The present invention relates to a voltage sensing circuit and method of a battery pack. More specifically, the present invention relates to a voltage sensing circuit and method of a battery pack for measuring the voltage of the battery pack using the voltage distribution properties of the capacitor.

When using battery energy stored in a battery such as a hybrid vehicle or an electric vehicle as an energy source, a high voltage battery is required to secure the characteristics of the system.

In order to configure such a high voltage battery, a battery pack such as a lithium-ion battery, etc. may be connected in series to configure a battery pack. Charge / discharge continuously in the driving environment.
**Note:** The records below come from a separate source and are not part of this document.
lemma circle_point_not_in_frame_cone:
  fixes s y z :: real
  assumes s: "-1/2 \<le> s" "s < 0"
    and y: "y * y + z * z = 1/2" "-1/2 \<le> y" "y \<le> 1/2"
  shows "(rotz^^j) (vector [1 / sqrt 2, y, z]) \<notin> frame_cone s"
proof -
  obtain c a i where c0: "c = 1 / sqrt 2" and c: "c * c = 1/2" "c > 0"
    and a: "a * a = 1/2 - s * s" "a \<ge> 0" and i: "i * (1 + s) = 1" "i > 0"
    and R: "r1 s = vector [c, s, a]" "r2 s = vector [- ((1/2 + s) * i), c, c * a * i]"
      "r3 s = vector [- c * a * i, - a, (1/2 + s + s^2) * i]"
    by (rule frame_coordinates[OF s])
  have ci: "0 \<le> c * i" "0 \<le> i" using c i by simp_all
  have "(rotz^^j) (vector [c, y, z]) \<bullet> r1 s \<le> 0 \<or> (rotz^^j) (vector [c, y, z]) \<bullet> r2 s \<le> 0
    \<or> (rotz^^j) (vector [c, y, z]) \<bullet> r3 s \<le> 0"
  proof (cases rule: funpow_rotz_cases[of j c y z])
    case 1
    have "vector [c, y, z] \<bullet> r2 s = (c * i) * (-(1/2 + s) + y * (1 + s) + z * a)"
      unfolding R inner_vector3 using i(1) c(1) by algebra
    moreover have "vector [c, y, z] \<bullet> r3 s = i * (-a/2 - a * y * (1 + s) + z * (1/2 + s + s^2))"
      unfolding R inner_vector3 using i(1) c(1) by algebra
    ultimately show ?thesis
      unfolding 1 using circle_point_rot0_bound[OF s a y(1,3)] by (metis ci mult_nonneg_nonpos)
  next
    case 2
    have "vector [-y, c, z] \<bullet> r1 s = c * (s - y) + z * a"
      unfolding R inner_vector3 by algebra
    moreover have "vector [-y, c, z] \<bullet> r3 s = i * (c * a * y - c * a * (1 + s) + z * (1/2 + s + s^2))"
      unfolding R inner_vector3 using i(1) by algebra
    ultimately show ?thesis
      unfolding 2 using circle_point_rot1_bound[OF c s a y(1,3)] by (metis ci mult_nonneg_nonpos)
  next
    case 3
    have "vector [-c, -y, z] \<bullet> r1 s = -1/2 - y * s + z * a"
      unfolding R inner_vector3 using c(1) by algebra
    then show ?thesis
      unfolding 3 using inner_half_circle_le[OF y(1), of "-s" a] a(1) by simp
  next
    case 4
    have "vector [y, -c, z] \<bullet> r2 s = i * (-y * (1/2 + s) - (1 + s)/2 + c * z * a)"
      unfolding R inner_vector3 using i(1) c(1) by algebra
    then show ?thesis
      unfolding 4 using circle_point_rot3_bound[OF c(1) s a(1) y(1,2)] by (metis ci mult_nonneg_nonpos)
  qed
  then show ?thesis
    unfolding c0 frame_cone_def by auto
qed
(* Let $1<R<\infty$, $\mathbb A=A(1,R)$, $h\in\mathcal H(\mathbb A,\ast)$, and $U(\rho)=\frac1{2\pi\rho}\int_{|z|=\rho}|h|^2|dz|$ for $1<\rho<R$. Then $\rho\mapsto\rho\,\dot U(\rho)$ is strictly increasing on $(1,R)$, $U(\rho)>1$ for $1<\rho<R$, the limit $\dot U(1):=\lim_{\rho\searrow1}\rho\,\dot U(\rho)$ exists and satisfies $0\leqslant\dot U(1)<\infty$, and for every $1<\rho<R$ $$\frac1\pi\iint_{A(1,\rho)}|Dh|^2=\rho\,\dot U(\rho)-\dot U(1)<\infty .$$
   Context: $A(a,b)=\{a<|z|<b\}$. $\mathcal H(\mathbb A,\ast)$ denotes the set of sense-preserving harmonic homeomorphisms $h$ of $\mathbb A=A(1,R)$ onto some doubly connected domain whose inner boundary is the unit circle (the bounded complementary component is the closed unit disk), preserving the order of boundary components; in particular $|h(z)|\to1$ as $|z|\searrow1$. $\dot U$ is the derivative in $\rho$; $|Dh|^2=2(|h_z|^2+|h_{\bar z}|^2)$. *)

theory Defs
  imports "HOL-Analysis.Analysis"
begin

definition annulus :: "real \<Rightarrow> real \<Rightarrow> complex set" where
  "annulus a b = {z. a < cmod z \<and> cmod z < b}"

definition px :: "(complex \<Rightarrow> complex) \<Rightarrow> complex \<Rightarrow> complex" where
  "px f z = vector_derivative (\<lambda>t::real. f (z + of_real t)) (at 0)"

definition py :: "(complex \<Rightarrow> complex) \<Rightarrow> complex \<Rightarrow> complex" where
  "py f z = vector_derivative (\<lambda>t::real. f (z + \<i> * of_real t)) (at 0)"

definition C1_on :: "complex set \<Rightarrow> (complex \<Rightarrow> complex) \<Rightarrow> bool" where
  "C1_on S f \<longleftrightarrow> (\<forall>z\<in>S. f differentiable (at z)) \<and>
                    continuous_on S (px f) \<and> continuous_on S (py f)"

definition harmonic_on :: "complex set \<Rightarrow> (complex \<Rightarrow> complex) \<Rightarrow> bool" where
  "harmonic_on S h \<longleftrightarrow> open S \<and> C1_on S h \<and> C1_on S (px h) \<and> C1_on S (py h) \<and>
     (\<forall>z\<in>S. px (px h) z + py (py h) z = 0)"

definition dz :: "(complex \<Rightarrow> complex) \<Rightarrow> complex \<Rightarrow> complex" where
  "dz h z = (px h z - \<i> * py h z) / 2"

definition dzbar :: "(complex \<Rightarrow> complex) \<Rightarrow> complex \<Rightarrow> complex" where
  "dzbar h z = (px h z + \<i> * py h z) / 2"

definition jac :: "(complex \<Rightarrow> complex) \<Rightarrow> complex \<Rightarrow> real" where
  "jac h z = (cmod (dz h z))\<^sup>2 - (cmod (dzbar h z))\<^sup>2"

definition Dnorm2 :: "(complex \<Rightarrow> complex) \<Rightarrow> complex \<Rightarrow> real" where
  "Dnorm2 h z = 2 * ((cmod (dz h z))\<^sup>2 + (cmod (dzbar h z))\<^sup>2)"

text \<open>The class H(A(1,R),*): sense-preserving harmonic homeomorphisms of A(1,R) onto a
  doubly connected domain whose bounded complementary component is the closed unit disk,
  preserving the order of the boundary components (|h(z)| -> 1 as |z| -> 1).\<close>
definition H_star :: "real \<Rightarrow> (complex \<Rightarrow> complex) set" where
  "H_star R = {h. harmonic_on (annulus 1 R) h \<and>
      (\<forall>z\<in>annulus 1 R. jac h z \<ge> 0) \<and>
      (\<exists>g. homeomorphism (annulus 1 R) (h ` annulus 1 R) h g) \<and>
      open (h ` annulus 1 R) \<and> connected (h ` annulus 1 R) \<and>
      card (components (- h ` annulus 1 R)) = 2 \<and>
      connected_component_set (- h ` annulus 1 R) 0 = cball 0 1 \<and>
      (\<forall>e>0. \<exists>d>0. \<forall>z\<in>annulus 1 R. cmod z < 1 + d \<longrightarrow> \<bar>cmod (h z) - 1\<bar> < e)}"

text \<open>U(rho) = (1/(2 pi rho)) \<integral>_{|z|=rho} |h|^2 |dz| = (1/2pi) \<integral>_0^{2pi} |h(rho e^{it})|^2 dt.\<close>
definition U :: "(complex \<Rightarrow> complex) \<Rightarrow> real \<Rightarrow> real" where
  "U h \<rho> = (1 / (2 * pi)) * integral {0..2*pi} (\<lambda>t. (cmod (h (of_real \<rho> * cis t)))\<^sup>2)"

end

theory Submission
  imports Defs
begin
At this time, since the internal characteristics and internal resistance of the battery cells constituting the battery pack are different, voltage deviation between battery cells may occur as the charging / discharging of the high voltage battery is continuously performed. The battery cells may be overcharged or overdischarged, resulting in catastrophic damage to high voltage batteries.

As such, when the life of the battery cells constituting the battery pack decreases or the performance thereof decreases, the performance of the battery pack decreases. Therefore, in order to monitor the performance of the battery pack, the voltage of the battery pack that determines the performance of the battery pack, It needs to be measured.

It is an object of the present invention to provide a voltage sensing circuit and method of a battery pack for accurately measuring the voltage of the battery pack.

A voltage sensing circuit of a battery pack according to a feature of the present invention includes a plurality of capacitors and a microcomputer. When the plurality of capacitors are connected to the battery pack, they are charged by the battery pack to store electrical energy. When the microcomputer is connected to any one of the plurality of capacitors, the microcomputer measures the voltage value of the connected capacitor and calculates the voltage of the battery pack using the capacitance value and the measured voltage value of each of the plurality of capacitors.

At this time, the microcomputer of the voltage sensing circuit of the battery pack calculates the voltage of the battery pack using the voltage division law.

In addition, the voltage sensing circuit of the battery pack further includes a first switch connecting or disconnecting the battery pack with the plurality of capacitors, and a second switch connecting or disconnecting any one of the plurality of capacitors with the microcomputer.

In addition, the plurality of capacitors of the voltage sensing circuit of the battery pack are charged by the battery pack when the first switch is turned on and the second switch is turned off.

In addition, the microcomputer of the voltage sensing circuit of the battery pack measures the voltage value of the connected capacitor when the first switch is turned off and the second switch is turned on.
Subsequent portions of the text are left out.